Z Wrocławia do Berlina podróżuje się zwykle na trzy sposoby: samochodem, autobusem lub pociągiem. O ile autostradą jedzie się komfortowo, a na liczbę połączeń autobusowych nie ma co narzekać, o tyle najsłabiej prezentują się możliwości podróży pociągiem, bowiem jedyną racjonalną opcją dla wielu pasażerów okazuje się weekendowy Pociąg do Kultury Kolei Dolnośląskich. Od grudnia ma pojawić się kolejne bezpośrednie kolejowe połączenie z Berlinem. Do nowego rozkładu jazdy wprowadzą je Przewozy Regionalne.
Dolnośląski i lubuski odział spółki zaplanował, że pociągi będą kursowały pomiędzy stacjami Berlin-Lichtenberg a Wrocław Główny trzy razy w tygodniu: w piątek popołudniu z Berlina do Wrocławia, w sobotę około godz. 6. z Wrocławia do Berlina i w niedzielę popołudniu z Berlina do Wrocławia. Podróż potrwa niespełna 4 godziny, a bilet będzie kosztował 20 euro. Po drodze, po polskiej stronie, pociąg na pewno zatrzyma się w Brzegu Dolnym, Głogowie, Nowej Soli i Zielonej Górze. Trasą mają obsługiwać niemieckie szynobusy SA-139.

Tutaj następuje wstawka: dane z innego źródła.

lemma rayleigh_bounds_mono:
  fixes A :: "real^'n^'n"
  assumes "rayleigh_bounds A lo hi" "lo' \<le> lo" "hi \<le> hi'"
  shows "rayleigh_bounds A lo' hi'"
proof (rule rayleigh_boundsI)
  fix x :: "real^'n"
  have "lo' * (x \<bullet> x) \<le> lo * (x \<bullet> x)" "hi * (x \<bullet> x) \<le> hi' * (x \<bullet> x)"
    using assms(2,3) by (simp_all add: mult_right_mono)
  then show "lo' * (x \<bullet> x) \<le> x \<bullet> (A *v x)" "x \<bullet> (A *v x) \<le> hi' * (x \<bullet> x)"
    using rayleigh_boundsD[OF assms(1), of x] by linarith+
qed

lemma rayleigh_bounds_add:
  assumes "rayleigh_bounds A a b" "rayleigh_bounds B c d"
  shows "rayleigh_bounds (A + B) (a + c) (b + d)"
  using rayleigh_boundsD[OF assms(1)] rayleigh_boundsD[OF assms(2)]
  by (intro rayleigh_boundsI) (simp_all add: matrix_vector_mult_add_rdistrib inner_add_right
      distrib_right add_mono)

lemma rayleigh_bounds_lower_le_upper:
  assumes "rayleigh_bounds (A :: real^'n^'n) lo hi"
  shows "lo \<le> hi"
proof -
  define x :: "real^'n" where "x = (\<chi> i. 1)"
  have "0 < x \<bullet> x" by (simp add: x_def vec_eq_iff)
  moreover have "lo * (x \<bullet> x) \<le> hi * (x \<bullet> x)"
    using rayleigh_boundsD[OF assms, of x] by linarith
  ultimately show ?thesis by simp
qed

lemma eigval_in_rayleigh_bounds:
  assumes "rayleigh_bounds A lo hi" "l \<in> eigvals A"
  shows "lo \<le> l \<and> l \<le> hi"
proof -
  obtain v where "v \<noteq> 0" "A *v v = l *\<^sub>R v" using assms(2) unfolding eigvals_def by blast
  then have "v \<bullet> (A *v v) = l * (v \<bullet> v)" "0 < v \<bullet> v" by simp_all
  then show ?thesis using rayleigh_boundsD[OF assms(1), of v] by simp
qed

section \<open>Spectral theory of real symmetric matrices\<close>

lemma symmetric_mat_inner:
  assumes "symmetric_mat A"
  shows "x \<bullet> (A *v y) = (A *v x) \<bullet> y"
proof -
  have "x \<bullet> (A *v y) = (x v* A) \<bullet> y" by (simp add: dot_lmul_matrix)
  also have "x v* A = transpose A *v x" by simp
  finally show ?thesis using assms unfolding symmetric_mat_def by simp
qed

lemma symmetric_mat_add: "symmetric_mat A \<Longrightarrow> symmetric_mat B \<Longrightarrow> symmetric_mat (A + B)"
  unfolding symmetric_mat_def by (simp add: transpose_def vec_eq_iff)

lemma symmetric_mat_uminus: "symmetric_mat A \<Longrightarrow> symmetric_mat (- A)"
  unfolding symmetric_mat_def by (simp add: transpose_def vec_eq_iff)

lemma matrix_vector_mult_uminus: "(- A) *v x = - ((A :: real^'n^'m) *v x)"
  by (simp add: matrix_vector_mult_def vec_eq_iff sum_negf)

lemma quadratic_nonneg_linear_coeff_zero:
  fixes b q :: real
  assumes "\<And>t. 0 \<le> 2 * t * b + t\<^sup>2 * q"
  shows "b = 0"
proof -
  define d where "d = \<bar>q\<bar> + 1"
  have d: "0 < d" "q \<le> d" unfolding d_def by linarith+
  define s where "s = b / d"
  have "0 \<le> 2 * (- s) * b + (- s)\<^sup>2 * q" by (rule assms)
  also have "\<dots> = s\<^sup>2 * q - 2 * (s * b)" by algebra
  finally have "0 \<le> s\<^sup>2 * q - 2 * (s * b)" .
  moreover have "s\<^sup>2 * q \<le> s\<^sup>2 * d" using d(2) by (rule mult_left_mono) simp
  moreover have "s\<^sup>2 * d = s * b" using d(1) by (simp add: s_def power2_eq_square)
  ultimately have "0 \<le> - (s * b)" by linarith
  also have "s * b = b\<^sup>2 / d" by (simp add: s_def power2_eq_square)
  finally have "b\<^sup>2 \<le> 0" using d(1) by (simp add: divide_le_0_iff)
  then show ?thesis by simp
qed

lemma rayleigh_maximizer_eigenvector:
  fixes A :: "real^'n^'n"
  assumes sym: "symmetric_mat A" and S: "subspace S" and inv: "\<And>y. y \<in> S \<Longrightarrow> A *v y \<in> S"
    and bound: "\<And>y. y \<in> S \<Longrightarrow> y \<bullet> (A *v y) \<le> \<mu> * (y \<bullet> y)"
    and x: "x \<in> S" "x \<bullet> (A *v x) = \<mu> * (x \<bullet> x)"
  shows "A *v x = \<mu> *\<^sub>R x"
proof -
  define r where "r = \<mu> *\<^sub>R x - A *v x"
  \<comment> \<open>first-order condition: moving x along any y \<in> S does not increase the quotient\<close>
  have r_orth: "y \<bullet> r = 0" if y: "y \<in> S" for y
  proof (rule quadratic_nonneg_linear_coeff_zero)
    fix t :: real
    have "x + t *\<^sub>R y \<in> S" using S x(1) y by (simp add: subspace_add subspace_scale)
    then have "0 \<le> \<mu> * ((x + t *\<^sub>R y) \<bullet> (x + t *\<^sub>R y)) - (x + t *\<^sub>R y) \<bullet> (A *v (x + t *\<^sub>R y))"
      using bound by fastforce
    also have "\<dots> = 2 * t * (y \<bullet> r) + t\<^sup>2 * (\<mu> * (y \<bullet> y) - y \<bullet> (A *v y))"
      using x(2) symmetric_mat_inner[OF sym, of x y]
      by (simp add: r_def inner_diff_right inner_commute power2_eq_square algebra_simps)
    finally show "0 \<le> 2 * t * (y \<bullet> r) + t\<^sup>2 * (\<mu> * (y \<bullet> y) - y \<bullet> (A *v y))" .
  qed
  have "r \<in> S" using S x(1) inv by (simp add: r_def subspace_diff subspace_scale)
  then have "r \<bullet> r = 0" by (rule r_orth)
  then show ?thesis by (simp add: r_def)
qed

lemma symmetric_mat_eigenvector_in_subspace:
  fixes A :: "real^'n^'n"
  assumes sym: "symmetric_mat A" and S: "subspace S" and inv: "\<And>y. y \<in> S \<Longrightarrow> A *v y \<in> S"
    and nontrivial: "x1 \<in> S" "x1 \<noteq> 0"
  obtains v \<mu> where "v \<in> S" "norm v = 1" "A *v v = \<mu> *\<^sub>R v"
    "\<And>y. y \<in> S \<Longrightarrow> y \<bullet> (A *v y) \<le> \<mu> * (y \<bullet> y)"
proof -
  define K where "K = S \<inter> sphere 0 1"
  have "compact K" unfolding K_def using S by (simp add: closed_Int_compact closed_subspace)
  moreover have "x1 /\<^sub>R norm x1 \<in> K" using nontrivial S unfolding K_def by (simp add: subspace_scale)
  then have "K \<noteq> {}" by auto
  moreover have "continuous_on K (\<lambda>x. x \<bullet> (A *v x))"
    by (intro continuous_intros linear_continuous_on matrix_vector_mul_bounded_linear)
  ultimately have "\<exists>v\<in>K. \<forall>y\<in>K. y \<bullet> (A *v y) \<le> v \<bullet> (A *v v)"
    by (rule continuous_attains_sup)
  then obtain v where v: "v \<in> K" and v_max: "\<And>y. y \<in> K \<Longrightarrow> y \<bullet> (A *v y) \<le> v \<bullet> (A *v v)"
    by blast
  define \<mu> where "\<mu> = v \<bullet> (A *v v)"
  have vS: "v \<in> S" and v_norm: "norm v = 1" using v K_def by auto
  have bound: "y \<bullet> (A *v y) \<le> \<mu> * (y \<bullet> y)" if y: "y \<in> S" for y
  proof (cases "y = 0")
    case False
    define u where "u = y /\<^sub>R norm y"
    have "u \<in> K" using y False S unfolding K_def u_def by (simp add: subspace_scale)
    then have "u \<bullet> (A *v u) \<le> \<mu>" using v_max unfolding \<mu>_def by blast
    moreover have "u \<bullet> (A *v u) = (y \<bullet> (A *v y)) / (norm y)\<^sup>2"
      unfolding u_def by (simp add: matrix_vector_mult_scaleR power2_eq_square divide_inverse)
    moreover have "y \<bullet> y = (norm y)\<^sup>2" by (simp add: dot_square_norm)
    ultimately show ?thesis using False by (simp add: divide_le_eq mult.commute)
  qed simp
  have "v \<bullet> (A *v v) = \<mu> * (v \<bullet> v)" using v_norm by (simp add: \<mu>_def dot_square_norm)
  with sym S inv bound vS have "A *v v = \<mu> *\<^sub>R v" by (rule rayleigh_maximizer_eigenvector)
  from vS v_norm this bound show ?thesis by (rule that)
qed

Podróżni, którzy będą chcieli skorzystać z tego połączenia, ale wysiąść wcześniej, na którejś stacji w Polsce, zapłacą za bilet w złotówkach, według taryfy krajowej. Ta możliwość będzie odróżniać ofertę Przewozów Regionalnych od oferty Kolei Dolnośląskiej, według której nie ma możliwości kupienia innego biletu niż za 19 euro.
- Chcemy, aby z bezpośredniego połączenia z Berlinem korzystali przede wszystkim wrocławianie. Pomysł to efekt naszego nowego spojrzenia na potrzeby mieszkańców - tłumaczy Marzena Karoń, wicedyrektor dolnośląskiego oddziału Przewozów Regionalnych.
Marzena Karoń postara się ponadto, aby posiadacze biletów kolejowych na przejazd w obie strony mogli bezpłatnie korzystać z komunikacji miejskiej w Berlinie lub we Wrocławiu.
Aby plany Przewozów Regionalnych się ziściły, potrzebne jest dofinansowanie z Urzędu Marszałkowskiego we Wrocławiu. Marzenia Karoń jest dobrej myśli - twierdzi, że wicemarszałek Jerzy Michalak zadeklarował rozważenie możliwości finansowania połączenia. Ostatecznej decyzji jednak jeszcze nie podjął.